1996 haben sich die Länder Berlin und Brandenburg und der Bund im sogenannten Konsensbeschluss darauf geeinigt, den Luftverkehr der Region am Standort Schönefeld zu bündeln. Mit dem Planfeststellungsbeschluss 2004 und der Bestätigung der Entscheidung durch das Bundesverwaltungsgericht 2006 liegen die planerischen Grundlagen für den Ausbau vor. Auf Basis von Fluggastprognosen wurde geschätzt, welche Kapazitäten der neue Standort bieten muss. Im Gutachten aus dem Jahr 2000 wurde prognostiziert, dass am BER im Jahr 2023 360.000 Flugbewegungen pro Jahr mit 30 Millionen Passagieren auftreten werden. Die positive Entwicklung in den vergangenen Jahren hat jedoch bereits seit 2016 zu höheren Passagierzahlen geführt. Aufgrund dessen wurde 2015 beschlossen, dass der Flughafen Schönefeld über die BER-Eröffnung weiter in Betrieb bleiben muss, bis am BER weitere Kapazitäten geschaffen wurden. Dieser Prozess wurde mit der Masterplanung in einem strategischen Leitbild gebündelt. Basis dafür war eine neue Fluggastprognose des Büros Steer von Anfang 2018, in der prognostiziert wird, dass 2040 am BER 417.000 Flugbewegungen mit 55 Millionen Passagieren im Jahr möglich sind.

Gemäß dem Planfeststellungsbeschluss von 2004 waren die 360.000 Flugbewegungen pro Jahr mit 30 Millionen Passagiere pro Jahr die Planungsgrundlage für die damals zu entwickelnde Infrastruktur, aber keine definitive Obergrenze. Verändern sich die Prognosen, muss die Infrastruktur angepasst werden.
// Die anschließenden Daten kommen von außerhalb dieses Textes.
section \<open>Weak derivatives\<close>

lemma integrable_lower_triangle:
  fixes f :: "real \<Rightarrow> complex" and g :: "real \<Rightarrow> real"
  assumes f: "locally_integrable f" and g: "g \<in> borel_measurable borel" and M: "\<And>x. \<bar>g x\<bar> \<le> M"
  shows "integrable (lborel \<Otimes>\<^sub>M lborel)
           (\<lambda>(s, x). if a \<le> s \<and> s \<le> x \<and> x \<le> b then f s * of_real (g x) else 0)"
proof -
  have [measurable]: "f \<in> borel_measurable borel" "g \<in> borel_measurable borel"
    using f g by (simp_all add: locally_integrable_borel_measurable)
  define G where "G = (\<lambda>(s::real, x::real). (indicator {a..b} s * norm (f s)) * (M * indicator {a..b} x))"
  have fi: "integrable lborel (\<lambda>s. indicator {a..b} s * norm (f s))"
    using integrable_norm[of lborel "\<lambda>s. indicator {a..b} s *\<^sub>R f s"] f
    by (simp add: locally_integrable_def set_integrable_def)
  have gi: "integrable lborel (\<lambda>x. M * indicator {a..b} x :: real)"
    by (intro integrable_mult_right integrable_real_indicator) (auto simp: emeasure_lborel_Icc_eq)
  have "integrable (lborel \<Otimes>\<^sub>M lborel) G"
  proof (rule lborel_pair.Fubini_integrable)
    show "G \<in> borel_measurable (lborel \<Otimes>\<^sub>M lborel)" unfolding G_def by measurable
    have "(\<integral>x. norm (G (s, x)) \<partial>lborel)
          = (indicator {a..b} s * norm (f s)) * (\<integral>x. norm (M * indicator {a..b} x) \<partial>lborel)" for s
      by (simp add: G_def abs_mult indicator_def)
    then show "integrable lborel (\<lambda>s. \<integral>x. norm (G (s, x)) \<partial>lborel)"
      using fi by (simp add: integrable_mult_left)
    show "AE s in lborel. integrable lborel (\<lambda>x. G (s, x))"
      unfolding G_def using gi by (auto intro!: integrable_mult_right)
  qed
  then show ?thesis
  proof (rule Bochner_Integration.integrable_bound)
    have "0 \<le> M" using M[of 0] by linarith
    then have "norm (f s * of_real (g x)) \<le> norm (f s) * M" for s x
      using M[of x] by (simp add: norm_mult mult_left_mono)
    then show "AE p in lborel \<Otimes>\<^sub>M lborel.
        norm ((\<lambda>(s, x). if a \<le> s \<and> s \<le> x \<and> x \<le> b then f s * of_real (g x) else 0) p) \<le> norm (G p)"
      using \<open>0 \<le> M\<close> by (intro AE_I2) (auto simp: G_def abs_mult)
  qed measurable
qed

text \<open>Integration by parts against the antiderivative \<open>\<integral>\<^sub>0\<^sup>x f\<close>; the double integral over the triangle
  \<open>-S \<le> s \<le> x \<le> S\<close> is evaluated in both orders.\<close>
lemma integral_interval_integral_mult_deriv:
  fixes f :: "real \<Rightarrow> complex"
  assumes f: "locally_integrable f" and t: "test_fun \<psi>"
  shows "integral\<^sup>L lborel (\<lambda>x. (LBINT s=0..x. f s) * of_real (deriv \<psi> x))
       = - integral\<^sup>L lborel (\<lambda>x. f x * of_real (\<psi> x))"
proof -
  obtain R where R: "R > 0" "\<And>x. R < \<bar>x\<bar> \<Longrightarrow> \<psi> x = 0" using test_fun_support[OF t] by blast
  define S where "S = R + 1"
  have \<psi>0: "\<psi> x = 0" and d\<psi>0: "deriv \<psi> x = 0" if "S \<le> \<bar>x\<bar>" for x
    using that R deriv_eq_0_outside[of R \<psi> x] by (auto simp: S_def)
  have d\<psi>_cont: "continuous_on UNIV (deriv \<psi>)"
    by (rule test_fun_continuous_on[OF test_fun_deriv[OF t]])
  have [measurable]: "f \<in> borel_measurable borel" "deriv \<psi> \<in> borel_measurable borel"
    using f test_fun_borel_measurable[OF test_fun_deriv[OF t]]
    by (simp_all add: locally_integrable_borel_measurable)
  obtain M where M: "\<And>x. \<bar>deriv \<psi> x\<bar> \<le> M"
    using bounded_if_continuous_vanishes_outside[OF d\<psi>_cont, of S] d\<psi>0 by force
  define H where "H = (\<lambda>s x. if -S \<le> s \<and> s \<le> x \<and> x \<le> S then f s * of_real (deriv \<psi> x) else 0)"
  have Hi: "integrable (lborel \<Otimes>\<^sub>M lborel) (case_prod H)"
    unfolding H_def using integrable_lower_triangle[OF f _ M] by simp
  have split: "(LBINT s=0..x. f s) * of_real (deriv \<psi> x)
      = (LBINT s=0..-S. f s) * of_real (deriv \<psi> x) + (\<integral>s. H s x \<partial>lborel)" for x
  proof (cases "x \<in> {-S..S}")
    case True
    have "(\<integral>s. H s x \<partial>lborel) = (LBINT s:{-S..x}. f s) * of_real (deriv \<psi> x)"
      unfolding set_lebesgue_integral_def
      by (subst integral_mult_left_zero[symmetric])
         (rule Bochner_Integration.integral_cong, use True in \<open>auto simp: H_def indicator_def\<close>)
    then show ?thesis
      using True interval_integral_from_0_split[OF f, of "-S" x] by (simp add: algebra_simps)
  next
    case False
    then have "S \<le> \<bar>x\<bar>" "\<And>s. H s x = 0" by (auto simp: H_def)
    then show ?thesis by (simp add: d\<psi>0)
  qed
  have inner: "(\<integral>x. H s x \<partial>lborel) = - (f s * of_real (\<psi> s))" for s
  proof (cases "s \<in> {-S..S}")
    case True
    have "(\<integral>x. H s x \<partial>lborel) = f s * of_real (\<integral>x. indicator {s..S} x * deriv \<psi> x \<partial>lborel)"
      by (subst integral_complex_of_real[symmetric], subst integral_mult_right_zero[symmetric])
         (rule Bochner_Integration.integral_cong, use True in \<open>auto simp: H_def indicator_def\<close>)
    also have "(\<integral>x. indicator {s..S} x * deriv \<psi> x \<partial>lborel) = \<psi> S - \<psi> s"
      using True interval_integral_deriv_test_fun[OF t, of s S]
      by (simp add: interval_integral_Icc set_lebesgue_integral_def)
    finally show ?thesis using \<psi>0[of S] R(1) by (simp add: S_def)
  next
    case False
    then have "S \<le> \<bar>s\<bar>" "\<And>x. H s x = 0" by (auto simp: H_def)
    then show ?thesis by (simp add: \<psi>0)
  qed
  have i1: "integrable lborel (\<lambda>x. (LBINT s=0..-S. f s) * of_real (deriv \<psi> x))"
    by (rule integrable_mult_test_fun[OF locally_integrable_const test_fun_deriv[OF t]])
  have "integral\<^sup>L lborel (\<lambda>x. (LBINT s=0..x. f s) * of_real (deriv \<psi> x))
      = integral\<^sup>L lborel (\<lambda>x. (LBINT s=0..-S. f s) * of_real (deriv \<psi> x)) + (\<integral>x. \<integral>s. H s x \<partial>lborel \<partial>lborel)"
    unfolding split by (rule Bochner_Integration.integral_add[OF i1 lborel_pair.integrable_snd[OF Hi]])
  also have "integral\<^sup>L lborel (\<lambda>x. (LBINT s=0..-S. f s) * of_real (deriv \<psi> x)) = 0"
    using integral_deriv_test_fun[OF t] by simp
  also have "(\<integral>x. \<integral>s. H s x \<partial>lborel \<partial>lborel) = (\<integral>s. \<integral>x. H s x \<partial>lborel \<partial>lborel)"
    using Hi by (rule lborel_pair.Fubini_integral)
  finally show ?thesis by (simp add: inner)
qed

lemma weak_deriv_imp_AE_eq_interval_integral:
  fixes f g :: "real \<Rightarrow> complex"
  assumes f: "locally_integrable f" and g: "locally_integrable g"
    and fg: "\<And>\<psi>. test_fun \<psi> \<Longrightarrow> integral\<^sup>L lborel (\<lambda>x. f x * of_real (deriv \<psi> x))
                                  = - integral\<^sup>L lborel (\<lambda>x. g x * of_real (\<psi> x))"
  obtains C where "AE x in lborel. f x = (LBINT s=0..x. g s) + C"
proof -
  define G where "G = (\<lambda>x::real. LBINT s=0..x. g s)"
  have G: "locally_integrable G"
    unfolding G_def by (rule locally_integrable_continuous[OF continuous_on_interval_integral_from_0[OF g]])
  obtain C where "AE x in lborel. f x - G x = C"
  proof (rule AE_eq_const_if_deriv_test_integrals_eq_0)
    show "locally_integrable (\<lambda>x. f x - G x)" by (rule locally_integrable_diff[OF f G])
    fix \<psi> assume t: "test_fun \<psi>"
    have "integral\<^sup>L lborel (\<lambda>x. (f x - G x) * of_real (deriv \<psi> x))
        = integral\<^sup>L lborel (\<lambda>x. f x * of_real (deriv \<psi> x)) - integral\<^sup>L lborel (\<lambda>x. G x * of_real (deriv \<psi> x))"
      using integrable_mult_test_fun[OF f test_fun_deriv[OF t]] integrable_mult_test_fun[OF G test_fun_deriv[OF t]]
      by (simp add: algebra_simps)
    then show "integral\<^sup>L lborel (\<lambda>x. (f x - G x) * of_real (deriv \<psi> x)) = 0"
      using fg[OF t] integral_interval_integral_mult_deriv[OF g t] by (simp add: G_def)
  qed
  then show ?thesis by (intro that[of C]) (auto simp: G_def algebra_simps)
qed

text \<open>Testing the equation with \<open>\<psi>\<close> and the definition of \<open>g = \<phi>'\<close> with \<open>\<psi>'\<close> shows that
  \<open>g' = -(\<mu> - V + \<Gamma>|\<phi>|\<^sup>2)\<phi>\<close> weakly.\<close>
lemma weak_solution_weak_deriv:
  assumes sol: "weak_solution \<mu> V \<Gamma> \<phi>" and g: "weak_deriv \<phi> g" and t: "test_fun \<psi>"
  shows "integral\<^sup>L lborel (\<lambda>x. g x * of_real (deriv \<psi> x))
       = integral\<^sup>L lborel (\<lambda>x. of_real (\<mu> - V x + \<Gamma> x * (norm (\<phi> x))\<^sup>2) * \<phi> x * of_real (\<psi> x))"
proof -
  let ?u = "\<lambda>x. \<phi> x * of_real (deriv (deriv \<psi> ) x)"
  let ?N = "\<lambda>x. of_real (\<mu> - V x + \<Gamma> x * (norm (\<phi> x))\<^sup>2) * \<phi> x * of_real (\<psi> x)"
  have sum: "integrable lborel (\<lambda>x. ?u x + ?N x)" "integral\<^sup>L lborel (\<lambda>x. ?u x + ?N x) = 0"
    using sol t unfolding weak_solution_def by blast+
  have u: "integrable lborel ?u"
    "integral\<^sup>L lborel ?u = - integral\<^sup>L lborel (\<lambda>x. g x * of_real (deriv \<psi> x))"
    using g test_fun_deriv[OF t] unfolding weak_deriv_def by blast+
  have "integrable lborel (\<lambda>x. (?u x + ?N x) - ?u x)"
    using sum(1) u(1) by (rule Bochner_Integration.integrable_diff)
  then have "integrable lborel ?N" by simp
  then show ?thesis
    using sum(2) u by (simp add: Bochner_Integration.integral_add[OF u(1)])
qed


section \<open>Energy and uniqueness on a half-line\<close>

definition nls_rhs :: "real \<Rightarrow> real \<Rightarrow> (real \<Rightarrow> complex) \<Rightarrow> real \<Rightarrow> complex" where
  "nls_rhs k G u x = - (complex_of_real (k + G * (norm (u x))\<^sup>2) * u x)"

text \<open>In \<open>half_line_solution k G u p\<close>, \<open>p\<close> plays the role of \<open>u'\<close>; only \<open>[0, \<infinity>)\<close> is constrained,
  the left half-line is treated through the reflection \<open>x \<mapsto> -x\<close>.\<close>
definition half_line_solution :: "real \<Rightarrow> real \<Rightarrow> (real \<Rightarrow> complex) \<Rightarrow> (real \<Rightarrow> complex) \<Rightarrow> bool" where
  "half_line_solution k G u p \<longleftrightarrow> (\<forall>x\<ge>0. (u has_vector_derivative p x) (at x)
                                       \<and> (p has_vector_derivative nls_rhs k G u x) (at x))"

definition nls_energy :: "real \<Rightarrow> real \<Rightarrow> complex \<Rightarrow> complex \<Rightarrow> real" where
  "nls_energy k G u p = (norm p)\<^sup>2 + k * (norm u)\<^sup>2 + G / 2 * ((norm u)\<^sup>2)\<^sup>2"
Bei der Analyse dieser Zahlen ist festzustellen, dass der Anstieg der Flugbewegungen ungleich zum Anstieg der Passagierzahlen erfolgt. Gründe dafür sind deutlich höhere Auslastungszahlen sowie auch Weiterentwicklungen der Flugzeugmuster mit höheren Sitzplatzangeboten, Während im Planfeststellungsbeschluss 2004 noch im Durchschnitt ca. 83 Passagiere je Flugbewegung berechnet worden waren, reisten 2017 im Durchschnitt bereits ca. 121 Passagiere je Flugbewegung. Im Jahr 2040 werden im Durchschnitt ca. 132 Passagiere je Flugbewegung prognostiziert. Sind wir heute bei den Passagieren schon über der Prognose aus dem Planfeststellungsbeschluss, so erreichen wir die 360.000 Flugbewegungen jedoch erst nach 2030.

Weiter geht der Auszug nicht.